- About this task -
Every line below that includes the word "cases" needs to be copied.
==== Available data
(* Let $\mathcal{T}$ be the tree constructed below in a metric space of doubling dimension at most $\kappa$. Every node $\langle j,r\rangle$ of $\mathcal{T}$ has at most $2^{4\kappa}$ children.
   Context: $(V,d)$ is a metric space of diameter $W$ whose doubling dimension is at most $\kappa$: every ball $B(x,\rho)=\{y\in V:d(x,y)\le\rho\}$ can be covered by $2^\kappa$ balls of radius $\rho/2$. $F\subseteq V$ is a finite set of facilities with opening costs $f_j>0$, $f_{\min}=\min_j f_j$. Let $\rho_{\min}=\lfloor\log_5 f_{\min}\rfloor$, $\rho_{\max}=\lceil\log_5 W\rceil$. For each integer $r\in[\rho_{\min},\rho_{\max}]$, let $J'_r=\{j\in F:f_j\le 5^r\}$ and let $J_r$ be a maximal subset of $J'_r$ such that any two facilities of $J_r$ are at distance greater than $5^{r+1}$. $\Pi=\{\langle j,r\rangle:\rho_{\min}\le r\le\rho_{\max},\ j\in J_r\}$. The tree $\mathcal{T}$ on $\Pi$ has as root the unique pair with $r=\rho_{\max}$, and for $r<\rho_{\max}$ and $j\in J_r$, $\mathrm{parent}(j,r)=\langle j',r+1\rangle$ where $j'$ is a facility of $J_{r+1}$ closest to $j$ (ties broken arbitrarily). *)

theory Defs
  imports "HOL-Analysis.Analysis"
begin

definition dball :: "'a set \<Rightarrow> ('a \<Rightarrow> 'a \<Rightarrow> real) \<Rightarrow> 'a \<Rightarrow> real \<Rightarrow> 'a set" where
  "dball V d x \<rho> = {y \<in> V. d x y \<le> \<rho>}"

definition doubling_dim_le :: "'a set \<Rightarrow> ('a \<Rightarrow> 'a \<Rightarrow> real) \<Rightarrow> real \<Rightarrow> bool" where
  "doubling_dim_le V d \<kappa> \<longleftrightarrow>
     (\<forall>x\<in>V. \<forall>\<rho>>0. \<exists>C. C \<subseteq> V \<and> finite C \<and> real (card C) \<le> 2 powr \<kappa> \<and>
        dball V d x \<rho> \<subseteq> (\<Union>c\<in>C. dball V d c (\<rho> / 2)))"

definition diam :: "'a set \<Rightarrow> ('a \<Rightarrow> 'a \<Rightarrow> real) \<Rightarrow> real" where
  "diam V d = Sup {d x y | x y. x \<in> V \<and> y \<in> V}"

definition f_min :: "'a set \<Rightarrow> ('a \<Rightarrow> real) \<Rightarrow> real" where
  "f_min F f = Min (f ` F)"

definition rho_min :: "'a set \<Rightarrow> ('a \<Rightarrow> real) \<Rightarrow> int" where
  "rho_min F f = \<lfloor>log 5 (f_min F f)\<rfloor>"

definition rho_max :: "'a set \<Rightarrow> ('a \<Rightarrow> 'a \<Rightarrow> real) \<Rightarrow> int" where
  "rho_max V d = \<lceil>log 5 (diam V d)\<rceil>"

definition Jprime :: "'a set \<Rightarrow> ('a \<Rightarrow> real) \<Rightarrow> int \<Rightarrow> 'a set" where
  "Jprime F f r = {j \<in> F. f j \<le> 5 powr (real_of_int r)}"

definition maximal_sep :: "('a \<Rightarrow> 'a \<Rightarrow> real) \<Rightarrow> 'a set \<Rightarrow> real \<Rightarrow> 'a set \<Rightarrow> bool" where
  "maximal_sep d A \<delta> S \<longleftrightarrow>
     S \<subseteq> A \<and> (\<forall>x\<in>S. \<forall>y\<in>S. x \<noteq> y \<longrightarrow> d x y > \<delta>) \<and>
     (\<forall>S'. S \<subseteq> S' \<and> S' \<subseteq> A \<and> (\<forall>x\<in>S'. \<forall>y\<in>S'. x \<noteq> y \<longrightarrow> d x y > \<delta>) \<longrightarrow> S' = S)"

definition Nodes :: "('a \<Rightarrow> 'a \<Rightarrow> real) \<Rightarrow> 'a set \<Rightarrow> ('a \<Rightarrow> real) \<Rightarrow> 'a set \<Rightarrow> (int \<Rightarrow> 'a set) \<Rightarrow> ('a \<times> int) set" where
  "Nodes d V f F J = {(j, r). rho_min F f \<le> r \<and> r \<le> rho_max V d \<and> j \<in> J r}"

definition valid_parent ::
  "('a \<Rightarrow> 'a \<Rightarrow> real) \<Rightarrow> 'a set \<Rightarrow> ('a \<Rightarrow> real) \<Rightarrow> 'a set \<Rightarrow> (int \<Rightarrow> 'a set) \<Rightarrow> ('a \<times> int \<Rightarrow> 'a \<times> int) \<Rightarrow> bool" where
  "valid_parent d V f F J par \<longleftrightarrow>
     (\<forall>(j, r) \<in> Nodes d V f F J. r < rho_max V d \<longrightarrow>
        snd (par (j, r)) = r + 1 \<and> fst (par (j, r)) \<in> J (r + 1) \<and>
        (\<forall>j'' \<in> J (r + 1). d j (fst (par (j, r))) \<le> d j j''))"

definition children ::
  "('a \<Rightarrow> 'a \<Rightarrow> real) \<Rightarrow> 'a set \<Rightarrow> ('a \<Rightarrow> real) \<Rightarrow> 'a set \<Rightarrow> (int \<Rightarrow> 'a set) \<Rightarrow> ('a \<times> int \<Rightarrow> 'a \<times> int) \<Rightarrow> 'a \<times> int \<Rightarrow> ('a \<times> int) set" where
  "children d V f F J par u = {v \<in> Nodes d V f F J. snd v < rho_max V d \<and> par v = u}"

end

theory Submission
  imports Defs
begin

text \<open>A child \<open>\<langle>j', r - 1\<rangle>\<close> of \<open>\<langle>j, r\<rangle>\<close> lies within \<open>5\<^sup>r\<^sup>+\<^sup>1\<close> of \<open>j\<close>: since \<open>f j' \<le> 5\<^sup>r\<close>, maximality
  of \<open>J\<^sub>r\<close> puts some facility of \<open>J\<^sub>r\<close> that close to \<open>j'\<close>, and \<open>j\<close> is the nearest one. The children
  are pairwise more than \<open>5\<^sup>r\<close> apart, while four applications of the doubling property cover the
  ball of radius \<open>5\<^sup>r\<^sup>+\<^sup>1\<close> by \<open>2\<^sup>4\<^sup>\<kappa>\<close> balls of radius \<open>5\<^sup>r\<^sup>+\<^sup>1/16\<close>, each containing at most one child.\<close>

lemma doubling_cover_iterate:
  assumes doubling: "doubling_dim_le V d \<kappa>" and x: "x \<in> V" and \<rho>: "\<rho> > 0"
  shows "\<exists>C. C \<subseteq> V \<and> finite C \<and> real (card C) \<le> (2 powr \<kappa>) ^ n \<and>
           dball V d x \<rho> \<subseteq> (\<Union>c\<in>C. dball V d c (\<rho> / 2 ^ n))"
proof (induction n)
  case 0
  show ?case
    by (rule exI[of _ "{x}"]) (use x in auto)
next
  case (Suc n)
  then obtain C where C: "C \<subseteq> V" "finite C" "real (card C) \<le> (2 powr \<kappa>) ^ n"
    "dball V d x \<rho> \<subseteq> (\<Union>c\<in>C. dball V d c (\<rho> / 2 ^ n))" by blast
  have "\<exists>D. D \<subseteq> V \<and> finite D \<and> real (card D) \<le> 2 powr \<kappa> \<and>
          dball V d c (\<rho> / 2 ^ n) \<subseteq> (\<Union>e\<in>D. dball V d e (\<rho> / 2 ^ Suc n))" if "c \<in> C" for c
    using doubling[unfolded doubling_dim_le_def, rule_format, of c "\<rho> / 2 ^ n"] that C(1) \<rho>
    by (auto simp: mult.commute)
  then obtain G where G: "\<And>c. c \<in> C \<Longrightarrow> G c \<subseteq> V \<and> finite (G c) \<and> real (card (G c)) \<le> 2 powr \<kappa> \<and>
          dball V d c (\<rho> / 2 ^ n) \<subseteq> (\<Union>e\<in>G c. dball V d e (\<rho> / 2 ^ Suc n))"
    by metis
  have "real (card (\<Union>c\<in>C. G c)) \<le> (\<Sum>c\<in>C. real (card (G c)))"
    by (metis card_UN_le[OF C(2)] of_nat_le_iff of_nat_sum)
  also have "\<dots> \<le> real (card C) * 2 powr \<kappa>"
    using sum_mono[of C "\<lambda>c. real (card (G c))" "\<lambda>_. 2 powr \<kappa>"] G by simp
  also have "\<dots> \<le> (2 powr \<kappa>) ^ Suc n"
    using mult_right_mono[OF C(3), of "2 powr \<kappa>"] by (simp add: mult.commute)
  finally have card: "real (card (\<Union>c\<in>C. G c)) \<le> (2 powr \<kappa>) ^ Suc n" .
  have "dball V d x \<rho> \<subseteq> (\<Union>c\<in>C. \<Union>e\<in>G c. dball V d e (\<rho> / 2 ^ Suc n))"
    using C(4) G by (fastforce simp del: power_Suc)
  then have cover: "dball V d x \<rho> \<subseteq> (\<Union>e\<in>(\<Union>c\<in>C. G c). dball V d e (\<rho> / 2 ^ Suc n))"
    by (simp only: UN_UN_flatten)
  have "(\<Union>c\<in>C. G c) \<subseteq> V" "finite (\<Union>c\<in>C. G c)"
    using C(2) G by auto
  with card cover show ?case
    by blast
qed

lemma (in Metric_space) card_le_card_cover_if_separated:
  assumes C: "C \<subseteq> M" "finite C" and cover: "S \<subseteq> (\<Union>c\<in>C. dball M d c \<delta>)"
    and separated: "\<And>x y. x \<in> S \<Longrightarrow> y \<in> S \<Longrightarrow> x \<noteq> y \<Longrightarrow> d x y > 2 * \<delta>"
  shows "card S \<le> card C"
proof -
  have "\<forall>x\<in>S. \<exists>c. c \<in> C \<and> x \<in> dball M d c \<delta>"
    using cover by blast
  then obtain g where g: "\<And>x. x \<in> S \<Longrightarrow> g x \<in> C \<and> x \<in> dball M d (g x) \<delta>"
    by (metis (no_types, lifting) bchoice)
  have "inj_on g S"
  proof (rule inj_onI, rule ccontr)
    fix x y assume xy: "x \<in> S" "y \<in> S" "g x = g y" "x \<noteq> y"
    have "d x y \<le> d x (g x) + d (g x) y"
      using g[OF xy(1)] g[OF xy(2)] C(1) by (intro triangle) (auto simp: dball_def)
    also have "\<dots> \<le> 2 * \<delta>"
      using g[OF xy(1)] g[OF xy(2)] xy(3) commute[of x "g x"] by (simp add: dball_def)
    finally show False
      using separated[OF xy(1,2,4)] by simp
  qed
  then show ?thesis
    using g C(2) by (intro card_inj_on_le) auto
qed

lemma maximal_sep_subset: "maximal_sep d A \<delta> S \<Longrightarrow> S \<subseteq> A"
  unfolding maximal_sep_def by simp

lemma maximal_sep_dist:
  "maximal_sep d A \<delta> S \<Longrightarrow> x \<in> S \<Longrightarrow> y \<in> S \<Longrightarrow> x \<noteq> y \<Longrightarrow> d x y > \<delta>"
  unfolding maximal_sep_def by blast

lemma (in Metric_space) maximal_sep_dominating:
  assumes max: "maximal_sep d A \<delta> S" and "A \<subseteq> M" "0 \<le> \<delta>" and x: "x \<in> A"
  shows "\<exists>y\<in>S. d x y \<le> \<delta>"
proof (rule ccontr)
  assume "\<not> (\<exists>y\<in>S. d x y \<le> \<delta>)"
  then have far: "\<forall>y\<in>S. d x y > \<delta>" by auto
  have "\<forall>y\<in>insert x S. \<forall>z\<in>insert x S. y \<noteq> z \<longrightarrow> d y z > \<delta>"
    using far maximal_sep_dist[OF max] commute by auto
  then have "insert x S = S"
    using max x unfolding maximal_sep_def by (metis insert_subsetI subset_insertI)
  then have "d x x > \<delta>"
    using far by blast
  then show False
    using x \<open>A \<subseteq> M\<close> \<open>0 \<le> \<delta>\<close> by auto
qed

lemma Jprime_mono: "r \<le> s \<Longrightarrow> Jprime F f r \<subseteq> Jprime F f s"
  unfolding Jprime_def by (auto intro: order_trans)

locale facility_tree = Metric_space V d
  for V :: "'a set" and d :: "'a \<Rightarrow> 'a \<Rightarrow> real" +
  fixes F :: "'a set" and f :: "'a \<Rightarrow> real"
    and J :: "int \<Rightarrow> 'a set" and par :: "'a \<times> int \<Rightarrow> 'a \<times> int"
  assumes F_fin: "finite F" and F_sub: "F \<subseteq> V"
    and J_max: "\<forall>r. rho_min F f \<le> r \<and> r \<le> rho_max V d \<longrightarrow>
                     maximal_sep d (Jprime F f r) (5 powr (real_of_int (r + 1))) (J r)"
    and par_ok: "valid_parent d V f F J par"
begin

lemma J_subset_Jprime:
  "rho_min F f \<le> r \<Longrightarrow> r \<le> rho_max V d \<Longrightarrow> J r \<subseteq> Jprime F f r"
  using J_max maximal_sep_subset by blast

lemma Jprime_subset_space: "Jprime F f r \<subseteq> V"
  using F_sub unfolding Jprime_def by auto

lemma finite_J: "rho_min F f \<le> r \<Longrightarrow> r \<le> rho_max V d \<Longrightarrow> finite (J r)"
  by (rule finite_subset[OF _ F_fin]) (use J_subset_Jprime in \<open>auto simp: Jprime_def\<close>)

lemma Nodes_fst_in_space: "(j, r) \<in> Nodes d V f F J \<Longrightarrow> j \<in> V"
  using J_subset_Jprime Jprime_subset_space unfolding Nodes_def by blast

lemma children_subset:
  assumes "(j, r) \<in> Nodes d V f F J"
  shows "children d V f F J par (j, r) \<subseteq>
           (\<lambda>j'. (j', r - 1)) ` (J (r - 1) \<inter> dball V d j (5 powr (real_of_int (r + 1))))"
proof
  fix v assume "v \<in> children d V f F J par (j, r)"
  then obtain j' s where v: "v = (j', s)" and node: "(j', s) \<in> Nodes d V f F J"
    and s: "s < rho_max V d" and parent: "par (j', s) = (j, r)"
    unfolding children_def by (cases v) auto
  have s_range: "rho_min F f \<le> s" "s \<le> rho_max V d" and j': "j' \<in> J s"
    using node unfolding Nodes_def by auto
  have r: "r = s + 1" and nearest: "\<forall>j''\<in>J r. d j' j \<le> d j' j''"
    using par_ok node s parent unfolding valid_parent_def by auto
  have r_range: "rho_min F f \<le> r" "r \<le> rho_max V d"
    using s_range s r by auto
  have "j' \<in> Jprime F f r"
    using J_subset_Jprime[OF s_range] Jprime_mono[of s r F f] j' r by auto
  then obtain y where y: "y \<in> J r" "d j' y \<le> 5 powr (real_of_int (r + 1))"
    using maximal_sep_dominating[OF J_max[rule_format, OF conjI[OF r_range]] Jprime_subset_space]
    by auto
  have "d j j' \<le> 5 powr (real_of_int (r + 1))"
    using nearest y commute[of j j'] by force
  moreover have "j' \<in> V"
    using J_subset_Jprime[OF s_range] Jprime_subset_space j' by blast
  ultimately have "j' \<in> J (r - 1) \<inter> dball V d j (5 powr (real_of_int (r + 1)))"
    using r j' by (simp add: dball_def)
  moreover have "v = (j', r - 1)"
    using v r by simp
  ultimately show "v \<in> (\<lambda>j'. (j', r - 1)) ` (J (r - 1) \<inter> dball V d j (5 powr (real_of_int (r + 1))))"
    by blast
qed

lemma card_children_le_card_cover:
  assumes node: "(j, r) \<in> Nodes d V f F J" and C: "C \<subseteq> V" "finite C"
    and cover: "dball V d j (5 powr real_of_int (r + 1)) \<subseteq>
                  (\<Union>c\<in>C. dball V d c (5 powr real_of_int (r + 1) / 16))"
  shows "card (children d V f F J par (j, r)) \<le> card C"
proof (cases "children d V f F J par (j, r) = {}")
  case False
  let ?S = "J (r - 1) \<inter> dball V d j (5 powr real_of_int (r + 1))"
  have Ch_sub: "children d V f F J par (j, r) \<subseteq> (\<lambda>j'. (j', r - 1)) ` ?S"
    by (rule children_subset[OF node])
  from False obtain v where "v \<in> children d V f F J par (j, r)" by blast
  then have "v \<in> Nodes d V f F J" "snd v = r - 1"
    using Ch_sub unfolding children_def by auto
  then have r1_range: "rho_min F f \<le> r - 1" "r - 1 \<le> rho_max V d"
    using node unfolding Nodes_def by auto
  have "2 * (5 powr real_of_int (r + 1) / 16) < 5 powr real_of_int (r - 1 + 1)"
    by (simp add: powr_add)
  then have "card ?S \<le> card C"
    using cover maximal_sep_dist[OF J_max[rule_format, OF conjI[OF r1_range]]]
    by (intro card_le_card_cover_if_separated[OF C]) force+
  moreover have "card (children d V f F J par (j, r)) \<le> card ?S"
    using finite_J[OF r1_range] card_mono[OF _ Ch_sub] card_image_le
    by (meson finite_Int finite_imageI order_trans)
  ultimately show ?thesis
    by linarith
qed simp

end

theorem lemma4:
  fixes V :: "'a set" and d :: "'a \<Rightarrow> 'a \<Rightarrow> real" and \<kappa> :: real
    and F :: "'a set" and f :: "'a \<Rightarrow> real"
    and J :: "int \<Rightarrow> 'a set" and par :: "'a \<times> int \<Rightarrow> 'a \<times> int"
  assumes metric: "Metric_space V d"
    and bounded: "\<exists>B. \<forall>x\<in>V. \<forall>y\<in>V. d x y \<le> B"
    and doubling: "doubling_dim_le V d \<kappa>"
    and F_fin: "finite F" and F_ne: "F \<noteq> {}" and F_sub: "F \<subseteq> V"
    and f_pos: "\<forall>j\<in>F. f j > 0"
    and J_max: "\<forall>r. rho_min F f \<le> r \<and> r \<le> rho_max V d \<longrightarrow>
                     maximal_sep d (Jprime F f r) (5 powr (real_of_int (r + 1))) (J r)"
    and par_ok: "valid_parent d V f F J par"
    and node: "u \<in> Nodes d V f F J"
  shows "real (card (children d V f F J par u)) \<le> 2 powr (4 * \<kappa>)"
proof -
  interpret facility_tree V d F f J par
    using metric F_fin F_sub J_max par_ok
    by (simp add: facility_tree_def facility_tree_axioms_def)
  obtain j r where u: "u = (j, r)" by (cases u)
  define \<rho> where "\<rho> = 5 powr real_of_int (r + 1)"
  have "j \<in> V" "\<rho> > 0"
    using Nodes_fst_in_space node unfolding u \<rho>_def by auto
  then obtain C where C: "C \<subseteq> V" "finite C" "real (card C) \<le> (2 powr \<kappa>) ^ 4"
    "dball V d j \<rho> \<subseteq> (\<Union>c\<in>C. dball V d c (\<rho> / 2 ^ 4))"
    using doubling_cover_iterate[OF doubling, of j \<rho> 4] by blast
  have "card (children d V f F J par u) \<le> card C"
    unfolding u using node C(4)
    by (intro card_children_le_card_cover[OF _ C(1,2)]) (simp_all add: u \<rho>_def)
  then have "real (card (children d V f F J par u)) \<le> (2 powr \<kappa>) ^ 4"
    using C(3) by linarith
  then show ?thesis
    by (simp add: powr_power)
qed

end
========
- Result -
    unfolding children_def by (cases v) auto
proof (cases "children d V f F J par (j, r) = {}")
  obtain j r where u: "u = (j, r)" by (cases u)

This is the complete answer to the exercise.